Seventy years have passed and the Japanese government still has neither made a sincere official apology, nor offered compensation to the victims of the Asian Holocaust. For seven decades, the memories of Nanking have haunted Japan as well as China. The recent denials by the Japanese government of its wartime atrocities stirred up angry protests in China and other Asian countries and brought condemnation by the international media. Former Japanese Prime Minister Junichiro Koizumi also ignored the repeated protests from China and various other Asian countries victimized by Japan and continued to visit Yasukuni Shrine, where 14 class A war criminals of World War II were enshrined. There is no doubt that the visits to the Shrine hurt and insulted the people of the victimized countries, particularly China and Korea, and that those visits also contributed to the strained relations between China and Japan the past several years.
In 2005, when the Japanese government certified a revisionist history textbook which sanitized Japan’s role in the Sino-Japanese war and the Rape of Nanking, the news sparked a series of riots across China. That same year, the textbook controversy also helped to mobilize millions of people throughout China and other Asian countries to organize a signature campaign, urging the United Nations not to make Japan a member of the Security Council. The resulting loss of a coveted seat on the U.N. Security Council is a significant part of the price Japan must pay for the stubborn denial of those crimes against humanity that Iris helped to bring back from obscurity.

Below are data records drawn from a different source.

(* Let $n \ge 1$ and $A, B \in \mathrm{SPD}(n)$. Let $\Phi:\mathrm{SPD}(n)\to \mathbf{S}^\infty$ be the map defined in the context, and set $\widetilde f = \Phi(A)$, $\widetilde g = \Phi(B)$. Then $$ d(2A, 2B) = d_S(\widetilde f, \widetilde g), $$ where $d$ is the Stein metric on $\mathrm{SPD}(n)$ and $d_S$ is the function on $\mathbf{S}^\infty$ defined in the context. In other words, $A \mapsto \Phi(A/2)$ is an isometry from $(\mathrm{SPD}(n), d)$ onto its image in $(\mathbf{S}^\infty, d_S)$.
   Context: $\mathrm{SPD}(n)$ denotes the set of $n\times n$ real symmetric positive definite matrices. The Stein metric on $\mathrm{SPD}(n)$ is $$ d(A,B) = \sqrt{\log\det\!\Big(\tfrac{A+B}{2}\Big) - \tfrac12 \log\det(AB)}. $$ For $A \in \mathrm{SPD}(n)$, let $f_A:\mathbb{R}^n\to\mathbb{R}$ be the density of the Gaussian distribution with mean $\mathbf{0}$ and covariance matrix $A$, viewed as an element of $L^2(\mathbb{R}^n)$. Let $\mathbf{S}^\infty$ denote the unit sphere of $L^2(\mathbb{R}^n)$, and define $\Phi(A) = f_A/\|f_A\|_{L^2}$. For $\widetilde f, \widetilde g \in \mathbf{S}^\infty$ with $\langle \widetilde f, \widetilde g\rangle \neq 0$ define $$ d_S(\widetilde f, \widetilde g) = \sqrt{-\log \langle \widetilde f, \widetilde g\rangle^2}, $$ where $\langle\cdot,\cdot\rangle$ is the $L^2$ inner product. *)

theory Defs
  imports "HOL-Analysis.Analysis"
begin

text \<open>Symmetric positive definite n x n real matrices; n is the cardinality of the
  finite index type 'n.\<close>
definition SPD :: "(real^'n^'n) set" where
  "SPD = {A. transpose A = A \<and> (\<forall>x::real^'n. x \<noteq> 0 \<longrightarrow> x \<bullet> (A *v x) > 0)}"

definition stein_dist :: "real^'n^'n \<Rightarrow> real^'n^'n \<Rightarrow> real" where
  "stein_dist A B = sqrt (ln (det ((1/2) *\<^sub>R (A + B))) - (1/2) * ln (det (A ** B)))"

definition gauss_density :: "real^'n^'n \<Rightarrow> real^'n \<Rightarrow> real" where
  "gauss_density A x =
     exp (- (x \<bullet> (matrix_inv A *v x)) / 2) / sqrt ((2 * pi) ^ CARD('n) * det A)"

definition L2_inner :: "(real^'n \<Rightarrow> real) \<Rightarrow> (real^'n \<Rightarrow> real) \<Rightarrow> real" where
  "L2_inner f g = (\<integral>x. f x * g x \<partial>lborel)"

definition L2_norm :: "(real^'n \<Rightarrow> real) \<Rightarrow> real" where
  "L2_norm f = sqrt (L2_inner f f)"

definition Phi :: "real^'n^'n \<Rightarrow> (real^'n \<Rightarrow> real)" where
  "Phi A = (\<lambda>x. gauss_density A x / L2_norm (gauss_density A))"

definition d_S :: "(real^'n \<Rightarrow> real) \<Rightarrow> (real^'n \<Rightarrow> real) \<Rightarrow> real" where
  "d_S f g = sqrt (- ln ((L2_inner f g)\<^sup>2))"

end

theory Submission
  imports Defs "HOL-Probability.Distributions"
begin

(* The L2 inner product of two centred Gaussian densities is their convolution at the
   origin, <f_A, f_B> = f_{A+B}(0) = ((2 pi)^n det (A + B))^(-1/2).  To compute it, the
   quadratic form of A^-1 + B^-1 is reduced to x . x by a congruence P^T M P = I
   (Gram-Schmidt), a linear change of variables turns the integral into a standard Gaussian
   one, and det A * det B * det (A^-1 + B^-1) = det (A + B).  Normalising gives
   <Phi A, Phi B>^2 = sqrt (det (2A) * det (2B)) / det (A + B), whose negative logarithm is
   the squared Stein distance between 2A and 2B. *)

section \<open>Linear changes of variables\<close>

lemma measure_shear_image_cbox:
  fixes a b :: "real^'n"
  assumes "m \<noteq> n"
  shows "measure lebesgue ((\<lambda>x. \<chi> i. if i = m then x$m + x$n else x$i) ` cbox a b)
       = measure lebesgue (cbox a b)"
proof (cases "cbox a b = {}")
  case False
  let ?f = "\<lambda>x::real^'n. \<chi> i. if i = m then x$m + x$n else x$i"
  have lin: "linear ?f"
    by (rule linearI) (auto simp: vec_eq_iff algebra_simps)
  \<comment> \<open>\<open>measure_shear_interval\<close> needs \<open>0 \<le> a$n\<close>, so the box is first moved to the origin.\<close>
  have "cbox 0 (b - a) \<noteq> {}"
    using False by (simp add: box_ne_empty inner_diff_left)
  have "?f ` cbox a b = (+) (?f a) ` ?f ` cbox 0 (b - a)"
    using cbox_translation[of a 0 "b - a"] linear_add[OF lin, of a]
    by (simp add: image_image)
  then have "measure lebesgue (?f ` cbox a b) = measure lebesgue (?f ` cbox 0 (b - a))"
    by (simp add: measure_translation)
  also have "\<dots> = measure lebesgue (cbox 0 (b - a))"
    using measure_shear_interval[OF assms \<open>cbox 0 (b - a) \<noteq> {}\<close>] by simp
  also have "\<dots> = measure lebesgue (cbox a b)"
    using cbox_translation[of a 0 "b - a"] by (simp add: measure_translation)
  finally show ?thesis .
qed simp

In the spring of 2007, the newly elected Japanese Prime Minister Abe Shinzo stated several times that the wartime sex slaves, euphemistically described as “comfort women,” were not forcibly recruited or coerced by the Japanese government. Overwhelming evidence from World War II archives and the individual testimonies of sex slave survivors from Korea, China and a number of victimized Asian countries directly contradict Abe’s self-serving public relations statement, which angered people in Asia and throughout the world and generated much criticism from the public media. Many observers also believe his statements facilitated the passage of House Resolution 121 in the U. S. Congress— a resolution which calls on Japan to apologize for forcing thousands of women into sexual servitude to the Japanese soldiers before and during World War II. The passage of H. R.121 also contributed, many observers believe, to the political demise of Prime Minister Abe.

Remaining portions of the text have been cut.